GOAL OF THE EXERCISE:
Tell how many lines in the following entries include the word "test", giving the figure alone.

Saved entries:

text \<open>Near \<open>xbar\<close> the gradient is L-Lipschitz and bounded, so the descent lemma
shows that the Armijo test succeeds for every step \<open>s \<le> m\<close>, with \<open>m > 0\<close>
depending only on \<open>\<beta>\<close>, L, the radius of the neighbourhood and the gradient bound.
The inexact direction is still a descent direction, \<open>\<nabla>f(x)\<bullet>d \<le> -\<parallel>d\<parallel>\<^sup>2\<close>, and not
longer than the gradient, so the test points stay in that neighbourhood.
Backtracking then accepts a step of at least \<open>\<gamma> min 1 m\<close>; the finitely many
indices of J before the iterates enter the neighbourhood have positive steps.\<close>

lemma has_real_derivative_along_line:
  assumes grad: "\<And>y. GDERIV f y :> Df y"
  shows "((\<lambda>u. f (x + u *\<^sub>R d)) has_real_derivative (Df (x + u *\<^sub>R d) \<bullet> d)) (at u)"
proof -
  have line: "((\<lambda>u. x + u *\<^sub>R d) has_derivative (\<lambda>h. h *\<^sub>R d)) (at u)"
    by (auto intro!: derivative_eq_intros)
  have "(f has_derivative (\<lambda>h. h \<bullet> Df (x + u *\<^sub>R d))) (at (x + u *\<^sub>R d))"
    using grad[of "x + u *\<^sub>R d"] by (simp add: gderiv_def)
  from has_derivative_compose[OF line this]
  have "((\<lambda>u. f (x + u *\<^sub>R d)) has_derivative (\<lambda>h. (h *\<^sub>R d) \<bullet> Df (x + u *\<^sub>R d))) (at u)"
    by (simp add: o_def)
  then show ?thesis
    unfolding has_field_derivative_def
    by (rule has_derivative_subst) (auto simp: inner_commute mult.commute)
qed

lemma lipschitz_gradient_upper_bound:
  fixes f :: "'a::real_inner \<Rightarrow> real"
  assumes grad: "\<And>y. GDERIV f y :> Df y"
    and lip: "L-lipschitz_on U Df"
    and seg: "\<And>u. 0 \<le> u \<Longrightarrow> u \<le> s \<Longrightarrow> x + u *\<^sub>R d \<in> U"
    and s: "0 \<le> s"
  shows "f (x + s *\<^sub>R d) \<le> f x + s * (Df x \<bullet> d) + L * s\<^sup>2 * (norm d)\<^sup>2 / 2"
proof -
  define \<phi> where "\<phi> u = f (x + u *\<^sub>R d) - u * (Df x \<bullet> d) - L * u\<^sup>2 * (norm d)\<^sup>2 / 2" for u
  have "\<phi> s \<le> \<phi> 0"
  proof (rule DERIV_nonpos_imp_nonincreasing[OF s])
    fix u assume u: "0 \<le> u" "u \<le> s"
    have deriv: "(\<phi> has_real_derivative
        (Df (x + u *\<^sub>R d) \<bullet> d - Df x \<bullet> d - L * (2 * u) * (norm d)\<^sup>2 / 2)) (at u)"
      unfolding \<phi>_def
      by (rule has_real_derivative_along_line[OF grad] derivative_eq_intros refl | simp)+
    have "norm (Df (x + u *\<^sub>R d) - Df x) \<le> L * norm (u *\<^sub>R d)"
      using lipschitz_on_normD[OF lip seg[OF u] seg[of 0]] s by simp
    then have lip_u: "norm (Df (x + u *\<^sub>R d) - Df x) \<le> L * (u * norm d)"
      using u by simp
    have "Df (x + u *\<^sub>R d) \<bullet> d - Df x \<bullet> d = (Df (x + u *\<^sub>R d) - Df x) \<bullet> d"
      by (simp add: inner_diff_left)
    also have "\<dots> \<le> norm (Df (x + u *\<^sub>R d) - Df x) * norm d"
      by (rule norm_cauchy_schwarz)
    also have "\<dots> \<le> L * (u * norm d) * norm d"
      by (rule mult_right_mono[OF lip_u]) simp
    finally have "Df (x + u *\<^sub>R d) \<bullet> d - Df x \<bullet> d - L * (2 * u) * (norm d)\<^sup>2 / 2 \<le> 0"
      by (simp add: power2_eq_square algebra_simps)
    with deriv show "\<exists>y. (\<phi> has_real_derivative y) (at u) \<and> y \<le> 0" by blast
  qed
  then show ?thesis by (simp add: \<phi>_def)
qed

* * *

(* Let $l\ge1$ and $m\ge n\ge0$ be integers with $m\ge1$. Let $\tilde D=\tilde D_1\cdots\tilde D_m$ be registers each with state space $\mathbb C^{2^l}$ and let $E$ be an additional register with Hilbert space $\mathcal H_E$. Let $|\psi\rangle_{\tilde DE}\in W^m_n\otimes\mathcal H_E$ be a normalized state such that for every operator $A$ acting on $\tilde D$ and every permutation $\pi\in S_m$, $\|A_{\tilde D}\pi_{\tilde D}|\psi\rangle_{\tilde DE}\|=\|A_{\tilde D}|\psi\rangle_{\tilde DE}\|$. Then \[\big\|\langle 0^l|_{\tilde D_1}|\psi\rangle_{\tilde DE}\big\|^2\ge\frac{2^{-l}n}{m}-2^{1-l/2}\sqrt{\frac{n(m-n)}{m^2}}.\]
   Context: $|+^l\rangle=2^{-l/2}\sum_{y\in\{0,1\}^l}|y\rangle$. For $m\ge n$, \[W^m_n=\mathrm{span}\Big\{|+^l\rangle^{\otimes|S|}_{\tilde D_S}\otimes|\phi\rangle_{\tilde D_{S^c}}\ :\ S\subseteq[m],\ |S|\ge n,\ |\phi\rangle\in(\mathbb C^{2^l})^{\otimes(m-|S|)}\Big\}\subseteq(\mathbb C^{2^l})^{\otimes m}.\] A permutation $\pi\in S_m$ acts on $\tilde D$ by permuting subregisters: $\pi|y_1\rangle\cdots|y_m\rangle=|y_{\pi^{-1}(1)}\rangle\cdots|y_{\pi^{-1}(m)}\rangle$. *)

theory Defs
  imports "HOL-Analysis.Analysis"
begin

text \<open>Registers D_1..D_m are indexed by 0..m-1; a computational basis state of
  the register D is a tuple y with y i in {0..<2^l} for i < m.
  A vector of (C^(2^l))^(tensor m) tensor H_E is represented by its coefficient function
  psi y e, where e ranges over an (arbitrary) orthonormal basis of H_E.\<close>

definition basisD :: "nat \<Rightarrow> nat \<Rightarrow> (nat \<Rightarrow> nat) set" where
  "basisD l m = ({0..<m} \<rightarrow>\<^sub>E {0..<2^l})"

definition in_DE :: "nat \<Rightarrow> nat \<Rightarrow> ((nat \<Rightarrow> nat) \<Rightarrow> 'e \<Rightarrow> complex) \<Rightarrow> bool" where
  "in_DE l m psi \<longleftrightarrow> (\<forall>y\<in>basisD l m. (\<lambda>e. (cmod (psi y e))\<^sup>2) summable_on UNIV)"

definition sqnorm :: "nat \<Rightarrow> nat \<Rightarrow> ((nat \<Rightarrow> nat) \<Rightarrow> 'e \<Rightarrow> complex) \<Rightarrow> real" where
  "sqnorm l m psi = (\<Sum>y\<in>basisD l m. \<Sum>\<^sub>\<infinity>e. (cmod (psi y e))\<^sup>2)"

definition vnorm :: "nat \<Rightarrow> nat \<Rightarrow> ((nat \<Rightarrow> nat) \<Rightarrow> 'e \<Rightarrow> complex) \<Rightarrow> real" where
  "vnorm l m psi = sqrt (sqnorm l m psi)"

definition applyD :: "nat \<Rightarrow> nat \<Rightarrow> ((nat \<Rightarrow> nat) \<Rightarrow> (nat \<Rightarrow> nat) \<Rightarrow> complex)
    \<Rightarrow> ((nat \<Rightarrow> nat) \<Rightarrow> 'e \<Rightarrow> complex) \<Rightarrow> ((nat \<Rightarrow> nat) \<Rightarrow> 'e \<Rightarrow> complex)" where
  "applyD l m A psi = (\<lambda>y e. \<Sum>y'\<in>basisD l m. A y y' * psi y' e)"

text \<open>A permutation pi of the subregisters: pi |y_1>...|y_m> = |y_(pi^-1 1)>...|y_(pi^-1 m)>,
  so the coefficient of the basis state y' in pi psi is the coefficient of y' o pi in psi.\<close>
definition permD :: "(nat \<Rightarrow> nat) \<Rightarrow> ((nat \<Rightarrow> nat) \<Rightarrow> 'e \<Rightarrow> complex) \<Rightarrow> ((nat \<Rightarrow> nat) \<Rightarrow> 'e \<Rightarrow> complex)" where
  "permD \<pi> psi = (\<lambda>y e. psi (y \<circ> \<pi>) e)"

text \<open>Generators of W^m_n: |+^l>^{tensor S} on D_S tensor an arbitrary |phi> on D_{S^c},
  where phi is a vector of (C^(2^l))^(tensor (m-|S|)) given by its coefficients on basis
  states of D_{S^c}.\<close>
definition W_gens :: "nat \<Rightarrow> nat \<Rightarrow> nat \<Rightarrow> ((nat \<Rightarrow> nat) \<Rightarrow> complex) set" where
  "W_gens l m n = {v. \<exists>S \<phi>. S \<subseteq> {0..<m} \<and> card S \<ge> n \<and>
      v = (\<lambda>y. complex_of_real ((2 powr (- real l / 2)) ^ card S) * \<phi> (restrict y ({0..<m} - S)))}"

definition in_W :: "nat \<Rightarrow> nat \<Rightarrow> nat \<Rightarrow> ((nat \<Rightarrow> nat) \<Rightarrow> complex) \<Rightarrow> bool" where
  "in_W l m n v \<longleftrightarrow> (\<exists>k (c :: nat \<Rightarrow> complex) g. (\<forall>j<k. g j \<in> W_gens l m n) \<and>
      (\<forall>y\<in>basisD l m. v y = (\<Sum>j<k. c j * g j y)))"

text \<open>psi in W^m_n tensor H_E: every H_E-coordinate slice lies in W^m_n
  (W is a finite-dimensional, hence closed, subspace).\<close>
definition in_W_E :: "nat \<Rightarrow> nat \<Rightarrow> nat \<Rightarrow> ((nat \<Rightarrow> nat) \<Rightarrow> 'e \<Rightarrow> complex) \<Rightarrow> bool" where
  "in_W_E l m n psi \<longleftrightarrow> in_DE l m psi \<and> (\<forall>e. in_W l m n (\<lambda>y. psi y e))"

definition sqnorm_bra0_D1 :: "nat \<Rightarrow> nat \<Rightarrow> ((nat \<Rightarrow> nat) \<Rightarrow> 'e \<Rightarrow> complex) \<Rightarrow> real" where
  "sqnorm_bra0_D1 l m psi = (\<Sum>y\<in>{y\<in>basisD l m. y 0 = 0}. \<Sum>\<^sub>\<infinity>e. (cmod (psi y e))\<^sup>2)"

SOLUTION TO THE EXERCISE:
2